Heaven and Hell: A History of the Afterlife
- First edition cover
- Author: Bart D. Ehrman
- Language: English
- Subject: Historical development of the concepts of Heaven, Hell, and the afterlife
- Publisher: Simon & Schuster
- Publication date: 2020
- Media type: Print (hardback & paperback)
- Pages: 352
- ISBN: 978-1501136733
- Preceded by: The Triumph of Christianity

= Heaven and Hell: A History of the Afterlife =

Book by Bart D. Ehrman

Heaven and Hell: A History of the Afterlife is a book by American New Testament scholar Bart D. Ehrman. Published in 2020 by Simon & Schuster, the book examines the historical development of the concepts of the afterlife in Greek, Jewish, and early Christian cultures, and how they eventually converged into the modern Christian concepts of Heaven and Hell.

==Overview==
Heaven and Hell: A History of the Afterlife explores the development of the concepts of the afterlife, from ideas in Greek, Jewish, and early Christian cultures to modern Christian conceptions of Heaven and Hell.
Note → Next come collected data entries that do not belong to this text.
lemma rtrancl_adj_simple_path:
  assumes "(x, y) \<in> (adj F)\<^sup>*"
  shows "\<exists>xs. xs \<noteq> [] \<and> hd xs = x \<and> last xs = y \<and> distinct xs \<and>
    successively (\<lambda>a b. {a, b} \<in> F) xs"
  using assms
proof (induction rule: rtrancl_induct)
  case base
  show ?case by (intro exI[of _ "[x]"]) auto
next
  case (step y z)
  then obtain xs where xs: "xs \<noteq> []" "hd xs = x" "last xs = y" "distinct xs"
    "successively (\<lambda>a b. {a, b} \<in> F) xs" by blast
  show ?case
  proof (cases "z \<in> set xs")
    case True
    then obtain as bs where xs_split: "xs = as @ z # bs" by (meson split_list)
    then have "successively (\<lambda>a b. {a, b} \<in> F) (as @ [z])"
      using xs(5) by (auto simp: successively_append_iff successively_Cons)
    moreover have "hd (as @ [z]) = x" using xs(2) xs_split by (cases as) auto
    ultimately show ?thesis using xs(4) xs_split by (intro exI[of _ "as @ [z]"]) auto
  next
    case False
    have "successively (\<lambda>a b. {a, b} \<in> F) (xs @ [z])"
      using xs step.hyps(2) by (auto simp: successively_append_iff adj_def)
    then show ?thesis using xs False by (intro exI[of _ "xs @ [z]"]) auto
  qed
qed

lemma simple_graph_edgeD:
  assumes "simple_graph V E" "{i, j} \<in> E"
  shows "i \<in> V" "j \<in> V" "i \<noteq> j"
proof -
  obtain a b where "{i, j} = {a, b}" "a \<in> V" "b \<in> V" "a \<noteq> b"
    using assms unfolding simple_graph_def by blast
  then show "i \<in> V" "j \<in> V" "i \<noteq> j" by (auto simp: doubleton_eq_iff)
qed

lemma closed_path_not_acyclic:
  assumes "simple_graph V E" and "length xs \<ge> 3" "distinct xs"
    and path: "successively (\<lambda>a b. {a, b} \<in> E) xs" and closing: "{last xs, hd xs} \<in> E"
  shows "\<not> acyclic_graph V E"
proof -
  have cyc: "{xs ! k, xs ! ((k + 1) mod length xs)} \<in> E" if "k < length xs" for k
  proof (cases "Suc k < length xs")
    case True
    then show ?thesis using successively_nth[OF path] by simp
  next
    case False
    then have "Suc k = length xs" using that by simp
    then have "k = length xs - 1" "(k + 1) mod length xs = 0" by auto
    moreover have "xs \<noteq> []" using \<open>length xs \<ge> 3\<close> by auto
    ultimately show ?thesis using closing by (simp add: last_conv_nth hd_conv_nth)
  qed
  have "set xs \<subseteq> V"
  proof
    fix x assume "x \<in> set xs"
    then obtain k where "k < length xs" "x = xs ! k" by (auto simp: in_set_conv_nth)
    then show "x \<in> V" using cyc simple_graph_edgeD(1)[OF \<open>simple_graph V E\<close>] by blast
  qed
  then show ?thesis using assms cyc unfolding acyclic_graph_def by blast
qed

lemma tree_edge_is_bridge:
  assumes tree: "is_tree V E" and ij: "{i, j} \<in> E"
  shows "(j, i) \<notin> (adj (E - {{i, j}}))\<^sup>*"
proof
  assume "(j, i) \<in> (adj (E - {{i, j}}))\<^sup>*"
  from rtrancl_adj_simple_path[OF this] obtain xs
    where xs: "xs \<noteq> []" "hd xs = j" "last xs = i" "distinct xs"
      and path: "successively (\<lambda>a b. {a, b} \<in> E - {{i, j}}) xs"
    by blast
  have "simple_graph V E" "acyclic_graph V E" using tree by (auto simp: is_tree_def)
  then have "i \<noteq> j" using ij by (blast dest: simple_graph_edgeD)
  have ji: "{j, i} = {i, j}" by blast
  have "length xs \<ge> 3"
  proof (rule ccontr)
    assume "\<not> length xs \<ge> 3"
    then consider x where "xs = [x]" | x y where "xs = [x, y]"
      using xs(1) by (cases xs; cases "tl xs") (auto simp: Suc_le_eq)
    then show False
    proof cases
      case 1
      then show False using xs \<open>i \<noteq> j\<close> by simp
    next
      case 2
      then show False using xs path ji by simp
    qed
  qed
  moreover have "successively (\<lambda>a b. {a, b} \<in> E) xs"
    using path by (rule successively_mono) simp
  moreover have "{last xs, hd xs} \<in> E" using ij xs ji by simp
  ultimately show False
    using closed_path_not_acyclic \<open>simple_graph V E\<close> \<open>acyclic_graph V E\<close> xs(4) by blast
qed
(* Let $0=t_0<t_1<\dots<t_k=T<\infty$, $\epsilon\in(0,1)$, $\alpha_0\in[\epsilon,1/\epsilon]$ a constant, and for $j=1,\dots,k-1$ let $\alpha_j$ be measurable functions on $\mathfrak N$ with values in $[\epsilon,1/\epsilon]$. Define $$\dot y(N,s)=\alpha_0\mathbf 1_{(0,t_1]}(s)+\sum_{j=1}^{k-1}\alpha_j(N^{t_j})\mathbf 1_{(t_j,t_{j+1}]}(s)+\mathbf 1_{(T,\infty)}(s),$$ where $N^{a}$ denotes $N$ stopped at time $a$. Then the map $\mathbf Y$ is invertible (both left and right invertible with respect to $\pi$).
   Context: $\mathfrak N$ denotes the set of locally finite simple configurations on $(0,\infty)$, identified with counting paths; $N$ is the canonical process, $\pi$ the unit rate Poisson law. $y(N,t)=\int_0^t\dot y(N,s)ds$, $y^*(N,t)=\inf\{s:y(N,s)>t\}$, and $\mathbf Y:\mathfrak N\to\mathfrak N$ is $N\mapsto Y$ with $Y(t)=N(y^*(N,t))$. $\mathbf Y$ is left invertible if $\mathbf Y^\#\pi\ll\pi$ and there is a measurable $\mathbb Z$ with $\mathbb Z\circ\mathbf Y=\mathrm{Id}$ $\pi$-a.s.; right invertible if there is a measurable $\mathbb Z$ with $\mathbb Z^\#\pi\ll\pi$ and $\mathbf Y\circ\mathbb Z=\mathrm{Id}$ $\pi$-a.s.; invertible if both. *)

theory Defs
  imports "HOL-Probability.Probability"
begin

text \<open>Configurations on (0,oo): locally finite (simple) subsets of (0,oo).
  The counting path of a configuration N is cnt N t = #(N \<inter> (0,t]).\<close>

definition nconf :: "real set set" where
  "nconf = {N. N \<subseteq> {0<..} \<and> (\<forall>t. finite (N \<inter> {0<..t}))}"

definition cnt :: "real set \<Rightarrow> real \<Rightarrow> nat" where
  "cnt N t = card (N \<inter> {0<..t})"
lemma nonzero_on_half_plane:
  "\<forall>p\<in>UNIV \<times> {R0<..}. sqrt (\<alpha> p) \<noteq> 0" "\<forall>p\<in>UNIV \<times> {R0<..}. snd p \<noteq> 0"
  using alpha_pos R_pos by (auto simp: less_imp_neq[symmetric])

lemma continuous_on_hdens: "continuous_on (UNIV \<times> {R0<..}) (hdens \<alpha> U A)"
  unfolding hdens_def[abs_def]
  by (intro continuous_intros continuous_on_components) (use nonzero_on_half_plane in auto)

lemma continuous_on_energy_flux_dth: "continuous_on (UNIV \<times> {R0<..}) energy_flux_dth"
  unfolding energy_flux_dth_def[abs_def]
  by (intro continuous_intros continuous_on_components) (use nonzero_on_half_plane in auto)

lemma continuous_on_dissipation: "continuous_on (UNIV \<times> {R0<..}) dissipation"
  unfolding dissipation_def[abs_def]
  by (intro continuous_intros continuous_on_components continuous_on_hdens continuous_beta)
    (use nonzero_on_half_plane in auto)

lemma integral_energy_flux_dth:
  assumes R: "R0 < R"
  shows "integral {0..1} (\<lambda>\<theta>. energy_flux_dth (\<theta>, R)) = 0"
proof -
  have "((\<lambda>\<theta>. energy_flux_dth (\<theta>, R)) has_integral energy_flux (1, R) - energy_flux (0, R)) {0..1}"
    using energy_flux_has_derivative_theta[OF R]
    by (intro fundamental_theorem_of_calculus)
      (auto simp: has_real_derivative_iff_has_vector_derivative[symmetric] intro: has_field_derivative_at_within)
  then show ?thesis
    using energy_flux_periodic[OF R, of 0] by (simp add: integral_unique)
qed

lemma energy_has_derivative:
  assumes R: "R0 < R"
  shows "(energy \<alpha> U A has_real_derivative - integral {0..1} (\<lambda>\<theta>. dissipation (\<theta>, R))) (at R)"
proof -
  have "(energy \<alpha> U A has_real_derivative
      integral {0..1} (\<lambda>\<theta>. energy_flux_dth (\<theta>, R) - dissipation (\<theta>, R))) (at R)"
    unfolding energy_def[abs_def] using R hdens_has_derivative_R
    by (intro has_real_derivative_integral_slice[where f' = "\<lambda>p. energy_flux_dth p - dissipation p"]
        continuous_intros)
      (use continuous_on_hdens continuous_on_energy_flux_dth continuous_on_dissipation in auto)
  also have "integral {0..1} (\<lambda>\<theta>. energy_flux_dth (\<theta>, R) - dissipation (\<theta>, R))
      = - integral {0..1} (\<lambda>\<theta>. dissipation (\<theta>, R))"
    using integral_diff[OF integrable_on_slice[OF continuous_on_energy_flux_dth R]
        integrable_on_slice[OF continuous_on_dissipation R]] integral_energy_flux_dth[OF R]
    by simp
  finally show ?thesis .
qed
(* Let $U_0$, $T(s)$, $A$, $U_l$, $\|\cdot\|_l$, $\varepsilon_0$, $u_0$, $F$, $\mathcal{F}$ be as in the context, satisfying (A1)–(A4). Then for every nonnegative integer $l$ there exists $c_l>0$ such that for all $\lambda\in[-\varepsilon_0,\varepsilon_0]$ and all $f\in U_l$ it holds $\partial_uF(\lambda,u_0)^{-1}f\in U_l$ and $\|\partial_uF(\lambda,u_0)^{-1}f\|_l\le c_l\|f\|_l$.
   Context: $U_0$ is a real Banach space with norm $\|\cdot\|_0$, $\{T(s)\}_{s\in\mathbb{R}}$ a strongly continuous group of bounded linear operators on $U_0$ with generator $A$, $U_l:=D(A^l)=\{u\in U_0: T(\cdot)u\in C^l(\mathbb{R};U_0)\}$ with norm $\|u\|_l:=\sum_{k=0}^l\|A^ku\|_0$. $\varepsilon_0>0$, $u_0\in U_0$, $F:[-\varepsilon_0,\varepsilon_0]\times U_0\to U_0$ with $F(0,u_0)=0$, and $\mathcal{F}(\lambda,s,u):=T(s)F(\lambda,T(-s)u)$. Assumptions: (A1) for every $\lambda$, $(s,u)\mapsto\mathcal{F}(\lambda,s,u)$ is in $C^\infty(\mathbb{R}\times U_0;U_0)$, with partial derivatives $\partial_s^k\partial_u^j\mathcal{F}$; $\partial_u^jF(\lambda,u):=\partial_u^j\mathcal{F}(\lambda,0,u)$. (A2) for all $j,k,l\ge0$ and $u,u_1,\dots,u_j\in U_l$, $\lambda\mapsto\partial_s^k\partial_u^j\mathcal{F}(\lambda,0,u)(u_1,\dots,u_j)$ is in $C^l([-\varepsilon_0,\varepsilon_0];U_0)$; its $l$-th derivative is written $\partial_\lambda^l\partial_s^k\partial_u^j\mathcal{F}(\lambda,0,u)(u_1,\dots,u_j)$. (A3) for all $j,k,l\ge0$ there is $c_{jkl}>0$ with $\|\partial_\lambda^l\partial_s^k\partial_u^j\mathcal{F}(\lambda,0,u)(u_1,\dots,u_j)\|_0\le c_{jkl}\|u_1\|_l\cdots\|u_j\|_l$ for all $\lambda\in[-\varepsilon_0,\varepsilon_0]$, $u,u_i\in U_l$, $\|u-u_0\|_l\le1$. (A4) there is $c_0>0$ such that for all $\lambda\in[-\varepsilon_0,\varepsilon_0]$, $\partial_uF(\lambda,u_0)$ is Fredholm of index zero $U_0\to U_0$ and $\|\partial_uF(\lambda,u_0)u\|_0\ge c_0\|u\|_0$ for all $u\in U_0$ (so $\partial_uF(\lambda,u_0)$ is invertible on $U_0$). *)

theory Defs
  imports "HOL-Analysis.Analysis"
begin

definition sc_group :: "(real \<Rightarrow> 'a::banach \<Rightarrow> 'a) \<Rightarrow> bool" where
  "sc_group T \<longleftrightarrow> (\<forall>s. bounded_linear (T s)) \<and> T 0 = id \<and>
     (\<forall>s t. T (s + t) = T s \<circ> T t) \<and> (\<forall>u. continuous_on UNIV (\<lambda>s. T s u))"

text \<open>Generator A u = d/ds T(s)u at s = 0 (meaningful on D(A)).\<close>
definition gen :: "(real \<Rightarrow> 'a::banach \<Rightarrow> 'a) \<Rightarrow> 'a \<Rightarrow> 'a" where
  "gen T u = vector_derivative (\<lambda>s. T s u) (at 0)"

text \<open>U_l = D(A^l).\<close>
fun Ul :: "(real \<Rightarrow> 'a::banach \<Rightarrow> 'a) \<Rightarrow> nat \<Rightarrow> 'a set" where
  "Ul T 0 = UNIV"
| "Ul T (Suc l) = {u \<in> Ul T l. (\<lambda>s. T s ((gen T ^^ l) u)) differentiable (at 0)}"

definition norm_l :: "(real \<Rightarrow> 'a::banach \<Rightarrow> 'a) \<Rightarrow> nat \<Rightarrow> 'a \<Rightarrow> real" where
  "norm_l T l u = (\<Sum>k\<le>l. norm ((gen T ^^ k) u))"

definition mlin_bounded :: "nat \<Rightarrow> ('v::real_normed_vector list \<Rightarrow> 'w::real_normed_vector) \<Rightarrow> bool" where
  "mlin_bounded n M \<longleftrightarrow>
     (\<forall>i<n. \<forall>hs x y c. length hs = n \<longrightarrow>
        M (hs[i := x + y]) = M (hs[i := x]) + M (hs[i := y]) \<and>
        M (hs[i := c *\<^sub>R x]) = c *\<^sub>R M (hs[i := x])) \<and>
     (\<exists>K. \<forall>hs. length hs = n \<longrightarrow> norm (M hs) \<le> K * (\<Prod>h\<leftarrow>hs. norm h))"

text \<open>D is the tower of Frechet derivatives of f (D n x is the n-th derivative at x,
  a bounded n-linear map) and each D n is Frechet differentiable with derivative
  D (Suc n), the remainder being small in operator norm.\<close>
definition Cinf_tower :: "('v::real_normed_vector \<Rightarrow> 'w::real_normed_vector) \<Rightarrow>
     (nat \<Rightarrow> 'v \<Rightarrow> 'v list \<Rightarrow> 'w) \<Rightarrow> bool" where
  "Cinf_tower f D \<longleftrightarrow>
     (\<forall>x. D 0 x [] = f x) \<and>
     (\<forall>n x. mlin_bounded n (D n x)) \<and>
     (\<forall>n x e. e > 0 \<longrightarrow> (\<exists>d>0. \<forall>y. norm (y - x) < d \<longrightarrow>
        (\<forall>hs. length hs = n \<longrightarrow>
           norm (D n y hs - D n x hs - D (Suc n) x ((y - x) # hs))
             \<le> e * norm (y - x) * (\<Prod>h\<leftarrow>hs. norm h))))"

definition Cinf :: "('v::real_normed_vector \<Rightarrow> 'w::real_normed_vector) \<Rightarrow> bool" where
  "Cinf f \<longleftrightarrow> (\<exists>D. Cinf_tower f D)"

text \<open>Partial derivative d_s^k d_u^j of a map on R x U0, read off from the full derivative:
  pd D k j (s,u) us = D^(k+j)(s,u)[(1,0)^k, (0,u_1), ..., (0,u_j)].\<close>
definition pd :: "(nat \<Rightarrow> real \<times> 'a \<Rightarrow> (real \<times> 'a) list \<Rightarrow> 'b) \<Rightarrow> nat \<Rightarrow> nat \<Rightarrow>
     real \<Rightarrow> 'a::real_normed_vector \<Rightarrow> 'a list \<Rightarrow> 'b" where
  "pd D k j s u us = D (k + j) (s, u) (replicate k (1, 0) @ map (\<lambda>v. (0, v)) us)"

fun Ck_on :: "real set \<Rightarrow> nat \<Rightarrow> (real \<Rightarrow> 'a::real_normed_vector) \<Rightarrow> bool" where
  "Ck_on S 0 g = continuous_on S g"
| "Ck_on S (Suc l) g =
     ((\<forall>t\<in>S. (g has_vector_derivative vector_derivative g (at t within S)) (at t within S)) \<and>
      Ck_on S l (\<lambda>t. vector_derivative g (at t within S)))"

definition lderiv :: "real set \<Rightarrow> nat \<Rightarrow> (real \<Rightarrow> 'a::real_normed_vector) \<Rightarrow> real \<Rightarrow> 'a" where
  "lderiv S l g = ((\<lambda>h t. vector_derivative h (at t within S)) ^^ l) g"

definition fredholm_index0 :: "('a::real_normed_vector \<Rightarrow> 'a) \<Rightarrow> bool" where
  "fredholm_index0 L \<longleftrightarrow> bounded_linear L \<and> closed (range L) \<and>
     (\<exists>B C. finite B \<and> independent B \<and> span B = {x. L x = 0} \<and>
            finite C \<and> independent C \<and> card C = card B \<and>
            range L \<inter> span C = {0} \<and>
            {x + y |x y. x \<in> range L \<and> y \<in> span C} = UNIV)"

end

theory Submission
  imports Defs
begin

(*
  The linearization L = \<partial>_u F(\<lambda>, u0) is bounded below and Fredholm of index zero, hence
  invertible on U_0 with |L^-1| <= 1/c0. Higher regularity is bootstrapped along the orbit of the
  group: the map (s, u) |-> T(s) F(\<lambda>, T(-s) u) is equivariant, so its derivatives at
  (s, T(s) u0) are the T(s)-translates of those at (0, u0). Differentiating this in s at s = 0
  shows that A u0 = -L^-1 \<partial>_s F(u0) (at \<lambda> = 0, where F(0, u0) = 0), that A applied to a
  derivative of F at u0 is a sum of derivatives of one order higher, and that L u = f implies
  L (A u) = A f - \<partial>_s \<partial>_u F(u0) u - \<partial>_u^2 F(u0)(A u0, u). By induction on l, u0 lies in
  every U_l and all derivatives of F at u0, as well as L^-1, are bounded on U_l uniformly in
  \<lambda>; the case l = 0 is (A3). Differentiating in s relies on the symmetry of higher Frechet
  derivatives (Schwarz).
*)

lemma has_vector_derivative_iff_quotient:
  fixes f :: "real \<Rightarrow> 'b::real_normed_vector"
  shows "(f has_vector_derivative D) (at x within S) \<longleftrightarrow>
    ((\<lambda>y. (f y - f x) /\<^sub>R (y - x)) \<longlongrightarrow> D) (at x within S)"
proof -
  have "norm (f y - f x - (y - x) *\<^sub>R D) / norm (y - x) = norm ((f y - f x) /\<^sub>R (y - x) - D)"
    if "y \<noteq> x" for y
  proof -
    have "f y - f x - (y - x) *\<^sub>R D = (y - x) *\<^sub>R ((f y - f x) /\<^sub>R (y - x) - D)"
      using that by (simp add: scaleR_right_diff_distrib)
    then show ?thesis using that by simp
  qed
  then have "((\<lambda>y. norm (f y - f x - (y - x) *\<^sub>R D) / norm (y - x)) \<longlongrightarrow> 0) (at x within S)
      \<longleftrightarrow> ((\<lambda>y. norm ((f y - f x) /\<^sub>R (y - x) - D)) \<longlongrightarrow> 0) (at x within S)"
    by (intro filterlim_cong) (auto simp: eventually_at_filter)
  then show ?thesis
    by (simp add: has_vector_derivative_def has_derivative_iff_norm bounded_linear_scaleR_left
        tendsto_norm_zero_iff LIM_zero_iff)
qed

lemma norm_diff_le_of_vector_derivative_bound:
  fixes \<phi> :: "real \<Rightarrow> 'b::real_normed_vector"
  assumes "\<And>\<tau>. \<tau> \<in> {a..b} \<Longrightarrow> (\<phi> has_vector_derivative \<phi>' \<tau>) (at \<tau>)"
    and "\<And>\<tau>. \<tau> \<in> {a..b} \<Longrightarrow> norm (\<phi>' \<tau>) \<le> B" and "a \<le> b"
  shows "norm (\<phi> b - \<phi> a) \<le> B * (b - a)"
proof -
  have "norm (\<phi> b - \<phi> a) \<le> B * norm (b - a)"
  proof (rule differentiable_bound[of "{a..b}" \<phi> "\<lambda>\<tau> h. h *\<^sub>R \<phi>' \<tau>"])
    fix \<tau> assume \<tau>: "\<tau> \<in> {a..b}"
    show "(\<phi> has_derivative (\<lambda>h. h *\<^sub>R \<phi>' \<tau>)) (at \<tau> within {a..b})"
      using assms(1)[OF \<tau>] unfolding has_vector_derivative_def by (rule has_derivative_at_withinI)
    show "onorm (\<lambda>h. h *\<^sub>R \<phi>' \<tau>) \<le> B"
      using assms(2)[OF \<tau>] by (simp add: onorm_scaleR_left[OF bounded_linear_ident] onorm_id)
  qed (use assms(3) in auto)
  then show ?thesis using assms(3) by simp
qed

lemma prod_list_mono:
  fixes xs ys :: "'b::linordered_semidom list"
  assumes "list_all2 (\<lambda>x y. 0 \<le> x \<and> x \<le> y) xs ys"
  shows "prod_list xs \<le> prod_list ys"
  using assms
proof (induction rule: list_all2_induct)
  case (Cons x xs y ys)
  then have "0 \<le> prod_list xs"
    by (intro prod_list_nonneg) (auto simp: list_all2_conv_all_nth in_set_conv_nth)
  with Cons show ?case by (auto intro: mult_mono)
qed simp

lemma prod_list_norm_map_le:
  assumes "\<And>h. norm (g h) \<le> K * norm h" "K \<ge> 0"
  shows "(\<Prod>h\<leftarrow>map g hs. norm h) \<le> K ^ length hs * (\<Prod>h\<leftarrow>hs. norm h)"
proof (induction hs)
  case (Cons h hs)
  have "0 \<le> (\<Prod>h\<leftarrow>map g hs. norm h)" by (rule prod_list_nonneg) auto
  then have "norm (g h) * (\<Prod>h\<leftarrow>map g hs. norm h) \<le> (K * norm h) * (K ^ length hs * (\<Prod>h\<leftarrow>hs. norm h))"
    by (intro mult_mono assms Cons.IH) (use assms(2) in auto)
  then show ?case by (simp add: ac_simps)
qed simp

lemma tendsto_prod_list_norm:
  fixes hs :: "'b \<Rightarrow> 'a::real_normed_vector list"
  assumes "\<And>s. length (hs s) = n" "length hs0 = n"
    and "\<And>i. i < n \<Longrightarrow> ((\<lambda>s. hs s ! i) \<longlongrightarrow> hs0 ! i) F"
  shows "((\<lambda>s. \<Prod>h\<leftarrow>hs s. norm h) \<longlongrightarrow> (\<Prod>h\<leftarrow>hs0. norm h)) F"
proof -
  have "(\<Prod>h\<leftarrow>hs s. norm h) = (\<Prod>i<n. norm (hs s ! i))" for s
    using assms(1)[of s] by (simp add: prod.list_conv_set_nth atLeast0LessThan)
  moreover have "(\<Prod>h\<leftarrow>hs0. norm h) = (\<Prod>i<n. norm (hs0 ! i))"
    using assms(2) by (simp add: prod.list_conv_set_nth atLeast0LessThan)
  moreover have "((\<lambda>s. \<Prod>i<n. norm (hs s ! i)) \<longlongrightarrow> (\<Prod>i<n. norm (hs0 ! i))) F"
    using assms(3) by (intro tendsto_prod tendsto_norm) auto
  ultimately show ?thesis by simp
qed

lemma sum_lessThan_add:
  fixes f :: "nat \<Rightarrow> 'b::comm_monoid_add"
  shows "(\<Sum>i<m + n. f i) = (\<Sum>i<m. f i) + (\<Sum>i<n. f (m + i))"
  by (induction n) (simp_all add: add.assoc)

lemma tendsto_absorbing_bound:
  fixes q :: "'b \<Rightarrow> 'a::real_normed_vector"
  assumes c: "c > 0"
    and ev: "\<forall>\<^sub>F h in F. c * norm (q h - z) \<le> g h + \<kappa> h * norm (q h - z)"
    and g: "(g \<longlongrightarrow> 0) F" and \<kappa>: "(\<kappa> \<longlongrightarrow> 0) F"
  shows "(q \<longlongrightarrow> z) F"
proof (rule LIM_zero_cancel, rule Lim_null_comparison)
  have "\<forall>\<^sub>F h in F. \<kappa> h < c / 2" using order_tendstoD(2)[OF \<kappa>, of "c / 2"] c by simp
  with ev show "\<forall>\<^sub>F h in F. norm (q h - z) \<le> 2 / c * g h"
  proof eventually_elim
    case (elim h)
    then have "c / 2 * norm (q h - z) \<le> g h"
      using mult_right_mono[of "\<kappa> h" "c / 2" "norm (q h - z)"] by simp
    then show ?case using c by (simp add: field_simps)
  qed
  show "((\<lambda>h. 2 / c * g h) \<longlongrightarrow> 0) F"
    using tendsto_mult_right_zero[OF g] .
qed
The book examines the influence of ancient Greek philosopher Plato, Greek poet Homer, Roman poet Virgil, Syrian satirist Lucian of Samosata, early Christians, and others on the evolution of the concepts and imagery associated with Heaven and Hell in modern Christianity.

==Reception==
A reviewer for The New Yorker wrote of Heaven and Hell: "This elegant history explores the evolution of the concept of the afterlife in Western thought. [...] Well-trod subjects are presented with engaging clarity, and more contentious theories are laid out carefully." Joel Looper of the Washington Independent Review of Books called the book "a tour de force: erudite, provocative, and often fun."

The Jerusalem Posts Randy Rosenthal lamented that Ehrman "completely neglects the Koran and Eastern religions, which is unfortunate, not to mention negligent", but found the exploration of the influence of figures like Homer, Plato, and Virgil on modern understanding of the afterlife to be interesting.